Start of SOURCE INFORMATION
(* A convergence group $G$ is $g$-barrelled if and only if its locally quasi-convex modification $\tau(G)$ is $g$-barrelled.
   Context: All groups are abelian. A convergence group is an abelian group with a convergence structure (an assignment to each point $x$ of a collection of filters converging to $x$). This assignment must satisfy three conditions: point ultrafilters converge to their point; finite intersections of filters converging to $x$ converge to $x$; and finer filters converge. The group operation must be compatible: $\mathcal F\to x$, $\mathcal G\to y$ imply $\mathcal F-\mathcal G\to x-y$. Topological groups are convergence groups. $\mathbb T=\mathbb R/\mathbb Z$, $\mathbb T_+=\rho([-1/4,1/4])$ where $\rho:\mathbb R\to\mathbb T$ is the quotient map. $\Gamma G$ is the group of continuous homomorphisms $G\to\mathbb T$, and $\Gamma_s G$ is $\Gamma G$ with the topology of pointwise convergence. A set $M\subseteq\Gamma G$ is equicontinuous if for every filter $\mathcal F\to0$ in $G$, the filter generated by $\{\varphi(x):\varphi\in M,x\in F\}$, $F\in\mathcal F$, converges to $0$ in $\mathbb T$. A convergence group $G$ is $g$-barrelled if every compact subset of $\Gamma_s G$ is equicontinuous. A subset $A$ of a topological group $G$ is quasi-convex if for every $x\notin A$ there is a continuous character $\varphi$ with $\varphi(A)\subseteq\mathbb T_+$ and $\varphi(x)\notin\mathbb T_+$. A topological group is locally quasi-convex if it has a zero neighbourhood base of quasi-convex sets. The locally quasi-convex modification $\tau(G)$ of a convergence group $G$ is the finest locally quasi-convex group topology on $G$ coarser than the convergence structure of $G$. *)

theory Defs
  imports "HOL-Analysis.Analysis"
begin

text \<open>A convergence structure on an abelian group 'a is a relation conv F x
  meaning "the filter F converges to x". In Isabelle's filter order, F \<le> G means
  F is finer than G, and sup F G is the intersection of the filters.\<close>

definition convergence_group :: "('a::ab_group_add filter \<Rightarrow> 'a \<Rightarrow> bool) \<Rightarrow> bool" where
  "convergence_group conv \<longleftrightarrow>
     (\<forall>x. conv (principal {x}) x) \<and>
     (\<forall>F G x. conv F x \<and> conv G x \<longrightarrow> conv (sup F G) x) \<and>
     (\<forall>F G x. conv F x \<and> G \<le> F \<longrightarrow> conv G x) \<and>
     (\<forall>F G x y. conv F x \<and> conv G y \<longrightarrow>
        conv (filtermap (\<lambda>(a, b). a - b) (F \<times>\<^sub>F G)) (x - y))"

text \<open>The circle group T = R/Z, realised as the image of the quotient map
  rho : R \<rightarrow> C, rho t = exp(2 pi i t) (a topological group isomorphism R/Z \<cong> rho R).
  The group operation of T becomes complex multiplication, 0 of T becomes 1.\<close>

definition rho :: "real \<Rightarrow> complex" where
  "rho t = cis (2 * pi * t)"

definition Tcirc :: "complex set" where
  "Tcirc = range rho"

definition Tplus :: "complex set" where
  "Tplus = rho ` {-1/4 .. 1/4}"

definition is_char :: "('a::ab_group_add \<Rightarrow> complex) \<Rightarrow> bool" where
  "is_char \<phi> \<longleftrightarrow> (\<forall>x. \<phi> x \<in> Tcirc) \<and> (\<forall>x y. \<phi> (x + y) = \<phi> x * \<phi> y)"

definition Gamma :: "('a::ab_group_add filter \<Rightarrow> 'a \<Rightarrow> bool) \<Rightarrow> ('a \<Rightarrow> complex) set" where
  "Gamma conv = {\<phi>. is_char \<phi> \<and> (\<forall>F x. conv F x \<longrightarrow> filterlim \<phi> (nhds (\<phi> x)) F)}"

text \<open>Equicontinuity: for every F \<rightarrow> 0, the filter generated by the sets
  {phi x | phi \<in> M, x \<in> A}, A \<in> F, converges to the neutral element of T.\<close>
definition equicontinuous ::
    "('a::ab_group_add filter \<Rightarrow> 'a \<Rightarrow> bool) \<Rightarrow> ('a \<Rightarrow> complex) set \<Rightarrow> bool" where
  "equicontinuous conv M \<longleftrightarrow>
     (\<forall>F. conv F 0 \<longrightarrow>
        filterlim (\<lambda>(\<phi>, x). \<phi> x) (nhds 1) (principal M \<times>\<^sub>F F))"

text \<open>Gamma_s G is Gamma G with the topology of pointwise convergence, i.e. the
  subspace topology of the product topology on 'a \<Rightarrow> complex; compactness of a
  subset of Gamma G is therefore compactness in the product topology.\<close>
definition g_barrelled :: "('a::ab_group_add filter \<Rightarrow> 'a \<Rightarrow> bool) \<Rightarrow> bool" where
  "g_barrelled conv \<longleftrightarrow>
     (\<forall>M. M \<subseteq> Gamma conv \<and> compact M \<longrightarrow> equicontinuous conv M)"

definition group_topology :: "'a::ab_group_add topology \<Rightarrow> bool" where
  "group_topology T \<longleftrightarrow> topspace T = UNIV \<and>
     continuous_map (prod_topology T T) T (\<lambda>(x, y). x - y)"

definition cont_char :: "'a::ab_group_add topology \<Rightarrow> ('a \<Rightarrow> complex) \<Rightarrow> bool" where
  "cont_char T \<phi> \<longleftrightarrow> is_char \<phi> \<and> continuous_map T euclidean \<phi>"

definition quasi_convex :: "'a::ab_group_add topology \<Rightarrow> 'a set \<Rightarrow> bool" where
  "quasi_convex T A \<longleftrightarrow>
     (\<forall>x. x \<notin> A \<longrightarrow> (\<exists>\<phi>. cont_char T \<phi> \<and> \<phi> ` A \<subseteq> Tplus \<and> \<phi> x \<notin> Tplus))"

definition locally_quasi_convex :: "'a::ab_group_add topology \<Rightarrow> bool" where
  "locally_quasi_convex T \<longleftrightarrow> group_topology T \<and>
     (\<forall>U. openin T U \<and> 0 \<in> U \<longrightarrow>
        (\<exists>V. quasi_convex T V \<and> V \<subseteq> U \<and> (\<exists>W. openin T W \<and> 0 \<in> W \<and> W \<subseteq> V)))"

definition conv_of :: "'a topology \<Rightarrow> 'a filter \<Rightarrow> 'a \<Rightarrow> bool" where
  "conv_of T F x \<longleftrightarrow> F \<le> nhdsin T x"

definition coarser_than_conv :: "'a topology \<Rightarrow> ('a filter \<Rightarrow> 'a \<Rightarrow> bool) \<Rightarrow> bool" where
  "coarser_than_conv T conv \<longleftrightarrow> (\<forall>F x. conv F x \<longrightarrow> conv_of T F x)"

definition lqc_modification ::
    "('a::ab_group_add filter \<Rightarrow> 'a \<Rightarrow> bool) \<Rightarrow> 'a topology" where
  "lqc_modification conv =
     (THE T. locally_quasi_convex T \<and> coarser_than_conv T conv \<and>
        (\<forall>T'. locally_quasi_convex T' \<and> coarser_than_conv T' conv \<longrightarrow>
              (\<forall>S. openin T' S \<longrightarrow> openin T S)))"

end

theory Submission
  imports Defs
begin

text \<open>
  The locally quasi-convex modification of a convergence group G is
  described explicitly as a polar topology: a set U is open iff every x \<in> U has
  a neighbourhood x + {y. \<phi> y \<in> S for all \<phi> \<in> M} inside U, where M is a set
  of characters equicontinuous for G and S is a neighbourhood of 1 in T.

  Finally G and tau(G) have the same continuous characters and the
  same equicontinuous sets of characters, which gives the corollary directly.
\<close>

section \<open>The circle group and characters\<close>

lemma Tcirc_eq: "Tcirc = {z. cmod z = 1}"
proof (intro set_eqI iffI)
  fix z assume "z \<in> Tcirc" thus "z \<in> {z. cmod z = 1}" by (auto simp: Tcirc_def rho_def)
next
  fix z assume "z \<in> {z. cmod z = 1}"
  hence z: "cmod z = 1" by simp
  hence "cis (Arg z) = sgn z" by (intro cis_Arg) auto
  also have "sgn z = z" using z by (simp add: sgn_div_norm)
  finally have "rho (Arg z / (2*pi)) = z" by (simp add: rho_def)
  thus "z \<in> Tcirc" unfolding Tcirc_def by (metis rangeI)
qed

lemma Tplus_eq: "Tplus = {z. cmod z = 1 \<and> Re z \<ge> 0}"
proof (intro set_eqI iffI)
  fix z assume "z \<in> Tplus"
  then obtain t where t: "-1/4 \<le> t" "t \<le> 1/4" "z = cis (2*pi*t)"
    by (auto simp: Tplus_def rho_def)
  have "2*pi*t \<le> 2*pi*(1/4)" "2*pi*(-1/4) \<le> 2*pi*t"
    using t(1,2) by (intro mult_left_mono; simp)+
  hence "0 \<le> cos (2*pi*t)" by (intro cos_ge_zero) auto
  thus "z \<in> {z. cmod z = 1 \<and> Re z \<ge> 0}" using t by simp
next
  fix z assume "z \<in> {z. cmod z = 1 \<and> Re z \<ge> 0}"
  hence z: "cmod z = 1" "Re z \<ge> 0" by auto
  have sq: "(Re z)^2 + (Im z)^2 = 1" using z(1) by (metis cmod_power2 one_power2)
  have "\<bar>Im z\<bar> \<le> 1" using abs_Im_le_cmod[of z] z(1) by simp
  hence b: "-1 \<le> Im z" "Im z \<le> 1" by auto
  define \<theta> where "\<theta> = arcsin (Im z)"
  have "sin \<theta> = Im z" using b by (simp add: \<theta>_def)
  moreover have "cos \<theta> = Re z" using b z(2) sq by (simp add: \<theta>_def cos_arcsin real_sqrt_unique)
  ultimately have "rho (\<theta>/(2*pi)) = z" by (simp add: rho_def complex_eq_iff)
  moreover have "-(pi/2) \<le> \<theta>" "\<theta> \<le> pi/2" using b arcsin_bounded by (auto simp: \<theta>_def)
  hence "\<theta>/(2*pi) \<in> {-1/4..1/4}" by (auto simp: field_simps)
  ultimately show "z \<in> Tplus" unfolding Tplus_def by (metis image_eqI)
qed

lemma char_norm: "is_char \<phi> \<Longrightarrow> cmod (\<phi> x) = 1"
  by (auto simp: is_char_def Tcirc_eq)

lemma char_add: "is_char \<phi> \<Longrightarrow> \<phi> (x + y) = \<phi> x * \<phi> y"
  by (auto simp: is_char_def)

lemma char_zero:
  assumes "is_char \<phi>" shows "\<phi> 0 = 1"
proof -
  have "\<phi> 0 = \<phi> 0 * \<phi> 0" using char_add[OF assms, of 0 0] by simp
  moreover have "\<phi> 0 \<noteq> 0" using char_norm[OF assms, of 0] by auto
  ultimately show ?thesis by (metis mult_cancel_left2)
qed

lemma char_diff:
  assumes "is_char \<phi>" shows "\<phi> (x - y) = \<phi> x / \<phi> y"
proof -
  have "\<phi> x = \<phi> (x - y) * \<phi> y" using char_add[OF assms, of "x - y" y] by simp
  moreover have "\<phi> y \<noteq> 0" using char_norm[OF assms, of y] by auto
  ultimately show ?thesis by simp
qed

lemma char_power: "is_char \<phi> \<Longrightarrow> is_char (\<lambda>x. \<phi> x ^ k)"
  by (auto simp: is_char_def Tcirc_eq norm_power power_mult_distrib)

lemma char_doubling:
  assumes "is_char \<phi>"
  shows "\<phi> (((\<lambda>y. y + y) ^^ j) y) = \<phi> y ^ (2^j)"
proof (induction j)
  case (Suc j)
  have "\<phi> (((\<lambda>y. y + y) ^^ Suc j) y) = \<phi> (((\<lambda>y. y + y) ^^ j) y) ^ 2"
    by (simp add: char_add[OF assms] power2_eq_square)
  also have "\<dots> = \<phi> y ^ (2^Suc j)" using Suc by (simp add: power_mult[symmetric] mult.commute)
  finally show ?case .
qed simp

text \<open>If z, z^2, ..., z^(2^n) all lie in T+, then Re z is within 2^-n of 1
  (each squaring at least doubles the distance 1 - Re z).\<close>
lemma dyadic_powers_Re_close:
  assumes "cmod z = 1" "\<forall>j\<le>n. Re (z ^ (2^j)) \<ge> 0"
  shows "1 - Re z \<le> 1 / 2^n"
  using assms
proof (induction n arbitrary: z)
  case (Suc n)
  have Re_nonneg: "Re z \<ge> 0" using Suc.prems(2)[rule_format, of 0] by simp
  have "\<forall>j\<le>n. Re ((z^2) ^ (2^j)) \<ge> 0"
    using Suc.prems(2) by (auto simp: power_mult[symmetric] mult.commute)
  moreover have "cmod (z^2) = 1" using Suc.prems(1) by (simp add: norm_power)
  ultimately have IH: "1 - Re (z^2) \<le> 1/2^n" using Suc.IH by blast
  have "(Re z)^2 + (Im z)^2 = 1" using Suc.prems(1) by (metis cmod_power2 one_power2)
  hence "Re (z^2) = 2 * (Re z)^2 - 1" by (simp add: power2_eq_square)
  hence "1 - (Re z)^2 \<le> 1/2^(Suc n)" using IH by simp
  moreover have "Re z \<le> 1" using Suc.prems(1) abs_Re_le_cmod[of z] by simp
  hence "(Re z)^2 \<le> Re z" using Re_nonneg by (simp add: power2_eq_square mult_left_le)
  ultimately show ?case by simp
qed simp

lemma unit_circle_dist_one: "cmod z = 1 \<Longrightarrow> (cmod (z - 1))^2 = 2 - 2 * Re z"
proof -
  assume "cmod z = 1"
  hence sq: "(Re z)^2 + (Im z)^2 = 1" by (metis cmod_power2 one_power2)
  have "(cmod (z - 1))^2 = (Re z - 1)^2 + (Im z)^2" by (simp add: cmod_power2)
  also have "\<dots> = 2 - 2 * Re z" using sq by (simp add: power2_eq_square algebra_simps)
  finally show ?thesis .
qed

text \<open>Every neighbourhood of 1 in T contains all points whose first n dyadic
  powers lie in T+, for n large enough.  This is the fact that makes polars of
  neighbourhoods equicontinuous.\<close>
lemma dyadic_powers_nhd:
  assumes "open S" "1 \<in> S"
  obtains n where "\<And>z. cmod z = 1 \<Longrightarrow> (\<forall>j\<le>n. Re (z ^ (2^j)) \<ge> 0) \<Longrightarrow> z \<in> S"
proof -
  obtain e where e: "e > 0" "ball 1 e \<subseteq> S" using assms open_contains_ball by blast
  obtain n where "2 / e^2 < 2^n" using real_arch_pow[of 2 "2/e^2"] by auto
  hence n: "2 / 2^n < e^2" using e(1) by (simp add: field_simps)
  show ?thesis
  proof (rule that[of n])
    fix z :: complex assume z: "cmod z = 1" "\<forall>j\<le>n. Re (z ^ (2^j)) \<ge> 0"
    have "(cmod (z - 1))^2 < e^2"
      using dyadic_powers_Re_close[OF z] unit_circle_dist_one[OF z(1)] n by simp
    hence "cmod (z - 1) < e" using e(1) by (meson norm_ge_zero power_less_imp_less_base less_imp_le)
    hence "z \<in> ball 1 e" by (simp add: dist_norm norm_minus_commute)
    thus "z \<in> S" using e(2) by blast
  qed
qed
End of SOURCE INFORMATION
Start of SOURCE INFORMATION
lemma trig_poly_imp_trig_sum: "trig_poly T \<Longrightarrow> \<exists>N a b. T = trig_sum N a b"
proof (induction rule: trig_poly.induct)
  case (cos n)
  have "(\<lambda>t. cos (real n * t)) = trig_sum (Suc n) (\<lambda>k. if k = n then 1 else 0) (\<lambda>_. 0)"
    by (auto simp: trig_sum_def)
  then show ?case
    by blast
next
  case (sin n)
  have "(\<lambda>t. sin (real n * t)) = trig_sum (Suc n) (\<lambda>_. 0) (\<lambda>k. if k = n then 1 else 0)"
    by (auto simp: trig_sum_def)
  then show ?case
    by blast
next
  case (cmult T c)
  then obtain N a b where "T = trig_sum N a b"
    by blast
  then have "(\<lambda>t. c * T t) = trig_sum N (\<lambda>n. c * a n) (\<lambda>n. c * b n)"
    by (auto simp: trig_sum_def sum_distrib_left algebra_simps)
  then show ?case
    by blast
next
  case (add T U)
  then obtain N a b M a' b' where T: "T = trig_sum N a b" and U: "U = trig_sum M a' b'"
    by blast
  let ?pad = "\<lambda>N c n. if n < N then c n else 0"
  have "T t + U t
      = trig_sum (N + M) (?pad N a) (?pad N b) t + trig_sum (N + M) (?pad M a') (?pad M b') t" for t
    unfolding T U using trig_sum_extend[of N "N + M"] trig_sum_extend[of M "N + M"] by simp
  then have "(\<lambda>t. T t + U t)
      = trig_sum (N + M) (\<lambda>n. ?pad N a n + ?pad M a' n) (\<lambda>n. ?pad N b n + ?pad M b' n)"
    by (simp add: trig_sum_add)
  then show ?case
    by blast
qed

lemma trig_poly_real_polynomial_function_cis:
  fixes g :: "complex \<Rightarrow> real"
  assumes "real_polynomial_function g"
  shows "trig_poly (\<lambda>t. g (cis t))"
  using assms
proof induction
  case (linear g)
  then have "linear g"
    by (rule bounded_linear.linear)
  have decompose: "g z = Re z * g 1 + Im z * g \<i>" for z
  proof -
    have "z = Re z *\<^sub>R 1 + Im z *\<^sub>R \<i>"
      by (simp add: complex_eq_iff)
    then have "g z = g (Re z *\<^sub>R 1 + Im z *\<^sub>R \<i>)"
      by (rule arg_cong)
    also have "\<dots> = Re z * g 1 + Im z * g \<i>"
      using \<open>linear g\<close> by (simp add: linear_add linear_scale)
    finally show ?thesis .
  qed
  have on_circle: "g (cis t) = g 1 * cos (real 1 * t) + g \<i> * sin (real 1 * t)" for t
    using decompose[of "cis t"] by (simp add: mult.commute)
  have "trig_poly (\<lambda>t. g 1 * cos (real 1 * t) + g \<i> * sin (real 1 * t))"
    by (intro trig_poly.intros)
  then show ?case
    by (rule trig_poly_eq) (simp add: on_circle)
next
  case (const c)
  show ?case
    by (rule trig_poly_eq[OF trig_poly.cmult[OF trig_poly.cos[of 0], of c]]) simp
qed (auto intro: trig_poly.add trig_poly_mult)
End of SOURCE INFORMATION
PROBLEM >> When you reach the line holding "(\<forall>F G x. conv F x \<and> G" in the records above, begin reproducing exactly, stop after the line holding "x \<longrightarrow> filterlim", and output nothing else.

ANSWER TO THE EXERCISE >>
     (\<forall>F G x. conv F x \<and> G \<le> F \<longrightarrow> conv G x) \<and>
     (\<forall>F G x y. conv F x \<and> conv G y \<longrightarrow>
        conv (filtermap (\<lambda>(a, b). a - b) (F \<times>\<^sub>F G)) (x - y))"

text \<open>The circle group T = R/Z, realised as the image of the quotient map
  rho : R \<rightarrow> C, rho t = exp(2 pi i t) (a topological group isomorphism R/Z \<cong> rho R).
  The group operation of T becomes complex multiplication, 0 of T becomes 1.\<close>

definition rho :: "real \<Rightarrow> complex" where
  "rho t = cis (2 * pi * t)"

definition Tcirc :: "complex set" where
  "Tcirc = range rho"

definition Tplus :: "complex set" where
  "Tplus = rho ` {-1/4 .. 1/4}"

definition is_char :: "('a::ab_group_add \<Rightarrow> complex) \<Rightarrow> bool" where
  "is_char \<phi> \<longleftrightarrow> (\<forall>x. \<phi> x \<in> Tcirc) \<and> (\<forall>x y. \<phi> (x + y) = \<phi> x * \<phi> y)"

definition Gamma :: "('a::ab_group_add filter \<Rightarrow> 'a \<Rightarrow> bool) \<Rightarrow> ('a \<Rightarrow> complex) set" where
  "Gamma conv = {\<phi>. is_char \<phi> \<and> (\<forall>F x. conv F x \<longrightarrow> filterlim \<phi> (nhds (\<phi> x)) F)}"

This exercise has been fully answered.